I’ve never understood the New Yorkers are assholes reputation. They’re some of the nicest people I’ve ever met.
I had a map out, guy asks where I’m trying to go, I tell him the Met. He starts giving me directions. Another guy overhears and stops to argue with him about the best way to send me there. It was the newyorkiest thing I’ve ever seen. “He doesn’t want to go that way, send him this way”, “if you want to send him that way you might as well send him this other way”.
This is true of America, too. I think most people you are likely to meet in America sit between the “not at all racist” and “I mean yeah but it’s pretty low key and subconscious” end of the racism spectrum, it’s just that our more virulent racists are so often cops and presidential candidates.
Our southern racist neighbor embolden the local racists and make them feel more comfortable doing their racist recruitment in public where it’s more effective.
Canada is always just an election cycle or two behind the popular American culture.
Indigenous women have been disappearing to the concern of absolutely nobody in the country for decades. If anything, the rise in fascist ideology in the US has made people more aware and critical of the racism that already existed in Canadian society
Black people are committing crimes! Latinos are doing drugs! Arabs are terrorists! Chinese people are cheating on tests and stealing your jobs! Everyone in India is trying to scam you!!!
Now back to our regularly scheduled movie about a cool White Nationalist who fights back by shooting everyone with a big gun!
Damn, crazy how this was all here before Americans arrived.
Hi. Am Canadian, am originally from Alberta, love everyone except fucking fascists, and can confirm Alberta is currently Canada’s stanky armpit and has been so for some time.
Oh, is that where all that smoke has been coming from? I thought it was somewhere in BC… We’re getting a bunch of smoke down here in the US (all the way from Glacier down to me in Utah).
Eh, most of those are just idiots who tend to keep to themselves anyway. Just ignore it and consider filling up gas/electricity in one of the larger cities in the region.
But yeah, plenty of rednecks throughout the rural areas…
Fair. The armpittines is due to a small percentage of really weird people and their propensity to be simultaneously ignorant and outspoken. Sad that they affect policy and people’s lives.
The place itself is breathtaking. Though in fairness, I’ve moved from there to Vancouver Island and it’s kind of been eclipsed by a few orders of magnitude.
Thunder Bay has been a race war for decades. If a crime happens in the white part of town it’s likely the aboriginals and if it happens in the aboriginal part of town it’s likely white people. I was nice to an aboriginal person once when I was there and he started crying then hugged me. You can guess which side the police actually investigate
Canada has a good reputation on how not racist they are, but really all that racism is directed at Indigenous people. You’ll be fine for the most part as long as one doesn’t stay in the prairies for too long.
One of the most confusing places to be in is a Canadian machine shop. Half the machines will be imperial and the other will be metric. Work order come in both units on the regular.

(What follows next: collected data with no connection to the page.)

(* Let $\kappa$ be a finite field of characteristic $p \neq 2$, let $\chi$ be the quadratic character of $\kappa^\times$, and let $\mu$ be the Möbius function on non-zero elements of $\kappa[u]$. Let $a, b \in \kappa^\times$ and let $g_1, g_2 \in \kappa[u]$ be relatively prime (not both zero), using the convention $\deg 0 = -\infty$. Then $$\mu(a g_1^{2p} + b u g_2^{2p}) = \begin{cases} -\chi(-1)^{\deg g_2} & \text{if } \deg g_1 \le \deg g_2,\\ \chi(-1)^{\deg g_1} & \text{if } \deg g_1 > \deg g_2.\end{cases}$$
   Context: For non-zero $P \in \kappa[u]$, $\mu(P) = 0$ if $P$ is divisible by the square of a non-constant polynomial, and otherwise $\mu(P) = (-1)^r$ where $r$ is the number of (monic) irreducible factors of $P$; $\mu$ of a non-zero constant is $1$. *)

theory Defs
  imports "HOL-Computational_Algebra.Computational_Algebra"
begin

definition quad_char :: "'a::field \<Rightarrow> int" where
  "quad_char x = (if x = 0 then 0 else if (\<exists>y. y ^ 2 = x) then 1 else -1)"

definition poly_mobius :: "'a::field_gcd poly \<Rightarrow> int" where
  "poly_mobius P = (if squarefree P then (-1) ^ card (prime_factors P) else 0)"

end

(*
  Write F = a g1^(2p) + b u g2^(2p), n = deg F, q = |k| and h = (q - 1)/2.  As p kills the
  derivative of a p-th power, F' = b (g2^p)^2, and coprimality of g1 and g2 then makes all roots
  of F in an algebraic closure simple.  So F is squarefree and mu(F) = (-1)^r, where r is the
  number of irreducible factors of F.

  Stickelberger: disc(F)^h = (-1)^(n - r).  The Frobenius x -> x^q permutes the roots, as a
  d-cycle on the roots of each irreducible factor of degree d, so it multiplies
  delta = prod_{i<j} (x_i - x_j) by the sign (-1)^(n - r); hence delta^(q - 1) = (-1)^(n - r).

  Since the discriminant is (-1)^(n choose 2) lc(F)^(-n) times the product of F' over the roots,
  disc(F) = (-1)^(n choose 2) (b / lc F)^n P^2 with P = prod_{F(x) = 0} g2(x)^p nonzero and in k.
  Euler's criterion turns Stickelberger's theorem into (-1)^(n + r) = chi(b / lc F)^n
  chi(-1)^(n choose 2).  If deg g1 <= deg g2 then n = 2p deg g2 + 1 and b / lc F is a square;
  otherwise n = 2p deg g1 is even.  In both cases (n choose 2) has the parity of that degree.
*)

theory Submission
  imports Defs "Subresultants.More_Homomorphisms" "HOL-Algebra.Algebraic_Closure_Type"
    "HOL-Number_Theory.Cong" "HOL-Library.Cardinality"
begin

hide_const (open) up_ring.coeff up_ring.monom Polynomials.degree Polynomials.lead_coeff
  Divisibility.prime Divisibility.irreducible Module.module.smult

section \<open>Finite fields\<close>

lemma card_finite_field_ge_2: "2 \<le> CARD('a::finite_field)"
proof -
  have "card {0, 1 :: 'a} \<le> CARD('a)" by (intro card_mono) auto
  then show ?thesis by simp
qed

lemma power_card_minus_one:
  fixes x :: "'a::finite_field"
  assumes "x \<noteq> 0"
  shows "x ^ (CARD('a) - 1) = 1"
proof -
  have "x ^ (CARD('a) - 1) * x = x ^ CARD('a)"
    using card_finite_field_ge_2[where ?'a = 'a] by (simp flip: power_Suc2)
  also have "\<dots> = x" by (rule finite_field_power_card_eq_same)
  finally show ?thesis using assms by simp
qed

lemma of_nat_mod_CHAR: "(of_nat (k mod CHAR('a)) :: 'a::semiring_1_cancel) = of_nat k"
  by (simp add: of_nat_eq_iff_cong_CHAR cong_def)

lemma of_nat_CHAR_minus_one: "(of_nat (CHAR('a) - 1) :: 'a::field_prime_char) = -1"
proof -
  have "Suc (CHAR('a) - 1) = CHAR('a)" by simp
  then have "(of_nat (CHAR('a) - 1) :: 'a) + 1 = 0"
    by (metis of_nat_CHAR of_nat_Suc add.commute)
  then show ?thesis by (simp add: eq_neg_iff_add_eq_0)
qed

fun prime_span :: "'a::field list \<Rightarrow> 'a set" where
  "prime_span [] = {0}"
| "prime_span (x # xs) = (\<lambda>(k, y). of_nat k * x + y) ` ({..<CHAR('a)} \<times> prime_span xs)"

lemma zero_in_prime_span: "(0 :: 'a::field_prime_char) \<in> prime_span xs"
  by (induction xs) (auto intro!: image_eqI[of _ _ "(0, 0)"])

lemma prime_span_linear:
  fixes y z :: "'a::field_prime_char"
  assumes "y \<in> prime_span xs" "z \<in> prime_span xs"
  shows "of_nat j * y + z \<in> prime_span xs"
  using assms
proof (induction xs arbitrary: y z)
  case (Cons x xs)
  from Cons.prems obtain k y' k' z' where
    y: "y' \<in> prime_span xs" "y = of_nat k * x + y'" and
    z: "z' \<in> prime_span xs" "z = of_nat k' * x + z'"
    by auto
  have "of_nat j * y + z = of_nat ((j * k + k') mod CHAR('a)) * x + (of_nat j * y' + z')"
    by (simp add: y z of_nat_mod_CHAR algebra_simps)
  moreover have "of_nat j * y' + z' \<in> prime_span xs" using Cons.IH y z by blast
  ultimately show ?case by (auto intro!: image_eqI[of _ _ "((j * k + k') mod CHAR('a), _)"])
qed simp

lemma in_prime_span: "x \<in> set xs \<Longrightarrow> x \<in> prime_span (xs :: 'a::field_prime_char list)"
proof (induction xs)
  case (Cons a xs)
  show ?case
  proof (cases "x = a")
    case True
    have "1 < CHAR('a)" using prime_gt_1_nat[OF CHAR_prime] .
    then show ?thesis using True zero_in_prime_span[of xs] by (auto intro!: image_eqI[of _ _ "(1, 0)"])
  next
    case False
    then show ?thesis using Cons by (auto intro!: image_eqI[of _ _ "(0, x)"])
  qed
qed simp

lemma prime_span_Cons_eq:
  assumes "x \<in> prime_span xs"
  shows "prime_span (x # xs) = prime_span (xs :: 'a::field_prime_char list)"
  using assms by (auto intro!: prime_span_linear image_eqI[of _ _ "(0, _)"])

lemma prime_span_cancel:
  fixes x :: "'a::finite_field"
  assumes "0 < j" "j < CHAR('a)" "of_nat j * x \<in> prime_span xs"
  shows "x \<in> prime_span xs"
proof -
  have "(of_nat j :: 'a) \<noteq> 0" using assms(1,2) by (auto simp: of_nat_eq_0_iff_char_dvd dest: dvd_imp_le)
  \<comment> \<open>so the inverse of \<open>of_nat j\<close> is \<open>of_nat (j ^ (q - 2))\<close>, again in the prime field\<close>
  then have "(of_nat j :: 'a) ^ (CARD('a) - 2) * of_nat j = 1"
    using power_card_minus_one[of "of_nat j :: 'a"] card_finite_field_ge_2[where ?'a = 'a]
    by (simp flip: power_Suc2 add: Suc_diff_Suc numeral_2_eq_2)
  then have "of_nat (j ^ (CARD('a) - 2)) * (of_nat j * x) + 0 = x"
    by (simp add: mult.assoc[symmetric])
  then show ?thesis using prime_span_linear[OF assms(3) zero_in_prime_span] by metis
qed

lemma card_prime_span: "\<exists>m. card (prime_span (xs :: 'a::finite_field list)) = CHAR('a) ^ m"
proof (induction xs)
  case (Cons x xs)
  then obtain m where m: "card (prime_span xs) = CHAR('a) ^ m" by blast
  show ?case
  proof (cases "x \<in> prime_span xs")
    case True
    then show ?thesis using m by (simp only: prime_span_Cons_eq) blast
  next
    case False
    have no_collision: False
      if "k' < k" "k < CHAR('a)" "y \<in> prime_span xs" "y' \<in> prime_span xs"
        "of_nat k * x + y = of_nat k' * x + y'" for k k' y y'
    proof -
      have "of_nat (k - k') * x = of_nat (CHAR('a) - 1) * y + y'"
        unfolding of_nat_CHAR_minus_one using that(1,5) by (simp add: of_nat_diff algebra_simps)
      then have "of_nat (k - k') * x \<in> prime_span xs"
        using prime_span_linear[OF that(3,4)] by simp
      then show False using prime_span_cancel[of "k - k'" x xs] that(1,2) False by linarith
    qed
    have "inj_on (\<lambda>(k, y). of_nat k * x + y) ({..<CHAR('a)} \<times> prime_span xs)"
    proof (rule inj_onI, clarify)
      fix k y k' y'
      assume "k < CHAR('a)" "k' < CHAR('a)" "y \<in> prime_span xs" "y' \<in> prime_span xs"
        and eq: "of_nat k * x + y = of_nat k' * x + y'"
      then have "k = k'" using no_collision[of k' k y y'] no_collision[of k k' y' y]
        by (metis linorder_neqE_nat)
      then show "k = k' \<and> y = y'" using eq by simp
    qed
    then have "card (prime_span (x # xs)) = CHAR('a) * card (prime_span xs)"
      by (simp add: card_image card_cartesian_product)
    then show ?thesis using m by (intro exI[of _ "Suc m"]) simp
  qed
qed (intro exI[of _ 0], simp)

lemma card_finite_field_CHAR_power: "\<exists>m. CARD('a::finite_field) = CHAR('a) ^ m"
proof -
  obtain xs :: "'a list" where "set xs = UNIV" using finite_list[of "UNIV :: 'a set"] by auto
  then have "prime_span xs = UNIV" using in_prime_span[of _ xs] by auto
  then show ?thesis using card_prime_span[of xs] by metis
qed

For the GP, Canada converted to metric starting in 1970 and completing the conversion in 1985.
So everyone under 55 grew up in metric, but anyone older than that had to convert.
So, baking and cooking are generally done in imperial to this day, but commerce and public works are all metric.
I generally think personal weight in pounds, height in feet, distance in meters, deli purchases in grams, fluids in litres, gravel in yards, chopped wood in cords, etc.
I went to university in Canada for engineering in the early 1980s. We had to learn both Imperial and metric, because almost all the textbooks and equipment came from the US. We would usually convert into metric to do all calculations and then convert back at the end because to do otherwise is insanity.
I would guess that the same is still true today, because the equipment and textbooks still come from the US.
Not so much today; as I mentioned, the transition period was from 1970 to 1985. While some textbooks and equipment still comes from the US, a lot is also sourced from other parts of the world, and some textbooks are Canadian versions now (in metric).
In fact, the textbook countries spent a good 20 years from the late 80s to the early 00s churning out new editions on an annual basis where a bit more was converted to metric every time. This often forced students to buy up to three editions of a book new if a department was using the same text for a course series.
I could actually see the point in learning both, because there is a very good chance that engineers are going to be facing both systems in their professional lives.